START MATERIALS PROVIDED

lemma not_fin_dim_common_kernel:
  assumes W: "subspace W" "\<not> fin_dim scale W" and T: "fin_dim scale T"
    and fs: "\<And>f. f \<in> set fs \<Longrightarrow> Vector_Spaces.linear scale scale f \<and> f ` W \<subseteq> T"
  shows "subspace {v\<in>W. \<forall>f\<in>set fs. f v = 0} \<and> \<not> fin_dim scale {v\<in>W. \<forall>f\<in>set fs. f v = 0}"
  using fs
proof (induction fs)
  case Nil
  then show ?case using W by simp
next
  case (Cons f fs)
  let ?K = "{v\<in>W. \<forall>f\<in>set fs. f v = 0}"
  have K: "subspace ?K" "\<not> fin_dim scale ?K"
    using Cons.IH Cons.prems by simp_all
  have f: "Vector_Spaces.linear scale scale f" "f ` W \<subseteq> T"
    using Cons.prems by simp_all
  have eq: "{v\<in>W. \<forall>g\<in>set (f # fs). g v = 0} = {v\<in>?K. f v = 0}" by auto
  have "subspace {v\<in>?K. f v = 0}"
    using subspace_inter[OF K(1) module_hom.subspace_kernel[OF module_hom_linearI[OF f(1)]]]
    by (simp add: Collect_conj_eq Int_assoc)
  moreover have "\<not> fin_dim scale {v\<in>?K. f v = 0}"
    using f(2) by (intro not_fin_dim_kernel[OF K f(1) _ T]) auto
  ultimately show ?case unfolding eq ..
qed

lemma exists_nonzero_if_not_fin_dim:
  assumes "subspace W" "\<not> fin_dim scale W"
  shows "\<exists>v\<in>W. v \<noteq> 0"
proof -
  have "W \<noteq> {0}"
    using assms(2) unfolding fin_dim_def by (metis empty_subsetI finite.emptyI span_empty)
  then show ?thesis
    using subspace_0[OF assms(1)] by blast
qed

lemma exists_nonzero_in_common_kernel:
  assumes "subspace W" "\<not> fin_dim scale W" "fin_dim scale T"
    and "\<And>f. f \<in> set fs \<Longrightarrow> Vector_Spaces.linear scale scale f \<and> f ` W \<subseteq> T"
  shows "\<exists>v\<in>W. v \<noteq> 0 \<and> (\<forall>f\<in>set fs. f v = 0)"
proof -
  let ?K = "{v\<in>W. \<forall>f\<in>set fs. f v = 0}"
  have "subspace ?K" "\<not> fin_dim scale ?K"
    using not_fin_dim_common_kernel[of W T fs] assms by blast+
  then obtain v where "v \<in> ?K" "v \<noteq> 0"
    using exists_nonzero_if_not_fin_dim by blast
  then show ?thesis by blast
qed

lemma linear_prod_sub:
  assumes "Vector_Spaces.linear scale scale f"
  shows "Vector_Spaces.linear scale scale (prod_sub scale f as)"
proof -
  interpret f: module_hom scale scale f using assms by (rule module_hom_linearI)
  have "prod_sub scale f as (x + y) = prod_sub scale f as x + prod_sub scale f as y" for x y
    by (induction as) (simp_all add: f.add scale_right_distrib algebra_simps)
  moreover have "prod_sub scale f as (c *s x) = c *s prod_sub scale f as x" for c x
    by (induction as) (simp_all add: f.scale scale_right_diff_distrib scale_left_commute)
  ultimately show ?thesis
    using vector_space_axioms by (simp add: Vector_Spaces.linear_iff)
qed

lemma prod_sub_commute_linear:
  assumes "Vector_Spaces.linear scale scale g" and "\<And>v. g (f v) = f (g v)"
  shows "prod_sub scale f as (g v) = g (prod_sub scale f as v)"
  by (induction as) (simp_all add: assms(2) module_hom.diff[OF module_hom_linearI[OF assms(1)]]
      module_hom.scale[OF module_hom_linearI[OF assms(1)]])

lemma prod_sub_commute:
  assumes "Vector_Spaces.linear scale scale f"
  shows "prod_sub scale f as (prod_sub scale f bs v) = prod_sub scale f bs (prod_sub scale f as v)"
proof (rule prod_sub_commute_linear[OF linear_prod_sub[OF assms]])
  show "prod_sub scale f bs (f v) = f (prod_sub scale f bs v)" for v
    by (rule prod_sub_commute_linear[OF assms]) (rule refl)
qed

lemma prod_sub_append: "prod_sub scale f (as @ bs) v = prod_sub scale f as (prod_sub scale f bs v)"
  by (induction as) simp_all

lemma prod_sub_eigenvector:
  assumes "Vector_Spaces.linear scale scale f" and "f v = b *s v"
  shows "prod_sub scale f as v = (\<Prod>a\<leftarrow>as. b - a) *s v"
  by (induction as) (simp_all add: assms(2) module_hom.scale[OF module_hom_linearI[OF assms(1)]]
      scale_left_diff_distrib[symmetric] left_diff_distrib)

END MATERIALS PROVIDED

TASK OBJECTIVE: From the first line through the last, repeat the entries exactly.

RESPONSE BELOW:
lemma not_fin_dim_common_kernel:
  assumes W: "subspace W" "\<not> fin_dim scale W" and T: "fin_dim scale T"
    and fs: "\<And>f. f \<in> set fs \<Longrightarrow> Vector_Spaces.linear scale scale f \<and> f ` W \<subseteq> T"
  shows "subspace {v\<in>W. \<forall>f\<in>set fs. f v = 0} \<and> \<not> fin_dim scale {v\<in>W. \<forall>f\<in>set fs. f v = 0}"
  using fs
proof (induction fs)
  case Nil
  then show ?case using W by simp
next
  case (Cons f fs)
  let ?K = "{v\<in>W. \<forall>f\<in>set fs. f v = 0}"
  have K: "subspace ?K" "\<not> fin_dim scale ?K"
    using Cons.IH Cons.prems by simp_all
  have f: "Vector_Spaces.linear scale scale f" "f ` W \<subseteq> T"
    using Cons.prems by simp_all
  have eq: "{v\<in>W. \<forall>g\<in>set (f # fs). g v = 0} = {v\<in>?K. f v = 0}" by auto
  have "subspace {v\<in>?K. f v = 0}"
    using subspace_inter[OF K(1) module_hom.subspace_kernel[OF module_hom_linearI[OF f(1)]]]
    by (simp add: Collect_conj_eq Int_assoc)
  moreover have "\<not> fin_dim scale {v\<in>?K. f v = 0}"
    using f(2) by (intro not_fin_dim_kernel[OF K f(1) _ T]) auto
  ultimately show ?case unfolding eq ..
qed

lemma exists_nonzero_if_not_fin_dim:
  assumes "subspace W" "\<not> fin_dim scale W"
  shows "\<exists>v\<in>W. v \<noteq> 0"
proof -
  have "W \<noteq> {0}"
    using assms(2) unfolding fin_dim_def by (metis empty_subsetI finite.emptyI span_empty)
  then show ?thesis
    using subspace_0[OF assms(1)] by blast
qed

lemma exists_nonzero_in_common_kernel:
  assumes "subspace W" "\<not> fin_dim scale W" "fin_dim scale T"
    and "\<And>f. f \<in> set fs \<Longrightarrow> Vector_Spaces.linear scale scale f \<and> f ` W \<subseteq> T"
  shows "\<exists>v\<in>W. v \<noteq> 0 \<and> (\<forall>f\<in>set fs. f v = 0)"
proof -
  let ?K = "{v\<in>W. \<forall>f\<in>set fs. f v = 0}"
  have "subspace ?K" "\<not> fin_dim scale ?K"
    using not_fin_dim_common_kernel[of W T fs] assms by blast+
  then obtain v where "v \<in> ?K" "v \<noteq> 0"
    using exists_nonzero_if_not_fin_dim by blast
  then show ?thesis by blast
qed

lemma linear_prod_sub:
  assumes "Vector_Spaces.linear scale scale f"
  shows "Vector_Spaces.linear scale scale (prod_sub scale f as)"
proof -
  interpret f: module_hom scale scale f using assms by (rule module_hom_linearI)
  have "prod_sub scale f as (x + y) = prod_sub scale f as x + prod_sub scale f as y" for x y
    by (induction as) (simp_all add: f.add scale_right_distrib algebra_simps)
  moreover have "prod_sub scale f as (c *s x) = c *s prod_sub scale f as x" for c x
    by (induction as) (simp_all add: f.scale scale_right_diff_distrib scale_left_commute)
  ultimately show ?thesis
    using vector_space_axioms by (simp add: Vector_Spaces.linear_iff)
qed

lemma prod_sub_commute_linear:
  assumes "Vector_Spaces.linear scale scale g" and "\<And>v. g (f v) = f (g v)"
  shows "prod_sub scale f as (g v) = g (prod_sub scale f as v)"
  by (induction as) (simp_all add: assms(2) module_hom.diff[OF module_hom_linearI[OF assms(1)]]
      module_hom.scale[OF module_hom_linearI[OF assms(1)]])

lemma prod_sub_commute:
  assumes "Vector_Spaces.linear scale scale f"
  shows "prod_sub scale f as (prod_sub scale f bs v) = prod_sub scale f bs (prod_sub scale f as v)"
proof (rule prod_sub_commute_linear[OF linear_prod_sub[OF assms]])
  show "prod_sub scale f bs (f v) = f (prod_sub scale f bs v)" for v
    by (rule prod_sub_commute_linear[OF assms]) (rule refl)
qed

lemma prod_sub_append: "prod_sub scale f (as @ bs) v = prod_sub scale f as (prod_sub scale f bs v)"
  by (induction as) simp_all

lemma prod_sub_eigenvector:
  assumes "Vector_Spaces.linear scale scale f" and "f v = b *s v"
  shows "prod_sub scale f as v = (\<Prod>a\<leftarrow>as. b - a) *s v"
  by (induction as) (simp_all add: assms(2) module_hom.scale[OF module_hom_linearI[OF assms(1)]]
      scale_left_diff_distrib[symmetric] left_diff_distrib)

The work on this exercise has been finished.